» TASK DESCRIPTION
Where a line in the records below includes "shows", pull that line out.

» INPUT
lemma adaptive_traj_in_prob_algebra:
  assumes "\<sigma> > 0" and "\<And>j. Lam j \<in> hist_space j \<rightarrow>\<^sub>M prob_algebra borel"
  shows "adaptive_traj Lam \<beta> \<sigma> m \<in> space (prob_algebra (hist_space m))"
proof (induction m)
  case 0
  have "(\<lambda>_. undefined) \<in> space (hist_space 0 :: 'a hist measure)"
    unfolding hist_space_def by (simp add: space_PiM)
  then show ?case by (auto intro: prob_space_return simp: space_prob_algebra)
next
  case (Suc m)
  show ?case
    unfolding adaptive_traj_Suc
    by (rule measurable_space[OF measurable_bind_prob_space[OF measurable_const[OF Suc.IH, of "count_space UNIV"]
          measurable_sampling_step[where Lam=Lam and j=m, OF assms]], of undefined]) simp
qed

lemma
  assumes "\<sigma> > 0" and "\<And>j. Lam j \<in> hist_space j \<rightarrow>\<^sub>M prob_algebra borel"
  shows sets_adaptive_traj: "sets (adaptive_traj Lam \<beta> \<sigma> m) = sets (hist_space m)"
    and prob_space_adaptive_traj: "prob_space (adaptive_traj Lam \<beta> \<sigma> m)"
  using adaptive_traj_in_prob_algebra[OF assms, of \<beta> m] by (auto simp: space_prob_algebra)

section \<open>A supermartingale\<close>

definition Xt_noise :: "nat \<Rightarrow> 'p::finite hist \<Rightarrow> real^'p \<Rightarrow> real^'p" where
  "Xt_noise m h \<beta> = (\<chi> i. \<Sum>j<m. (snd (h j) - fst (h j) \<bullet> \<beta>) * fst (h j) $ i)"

» RESPONSE TO THE TASK
  shows "adaptive_traj Lam \<beta> \<sigma> m \<in> space (prob_algebra (hist_space m))"
  shows sets_adaptive_traj: "sets (adaptive_traj Lam \<beta> \<sigma> m) = sets (hist_space m)"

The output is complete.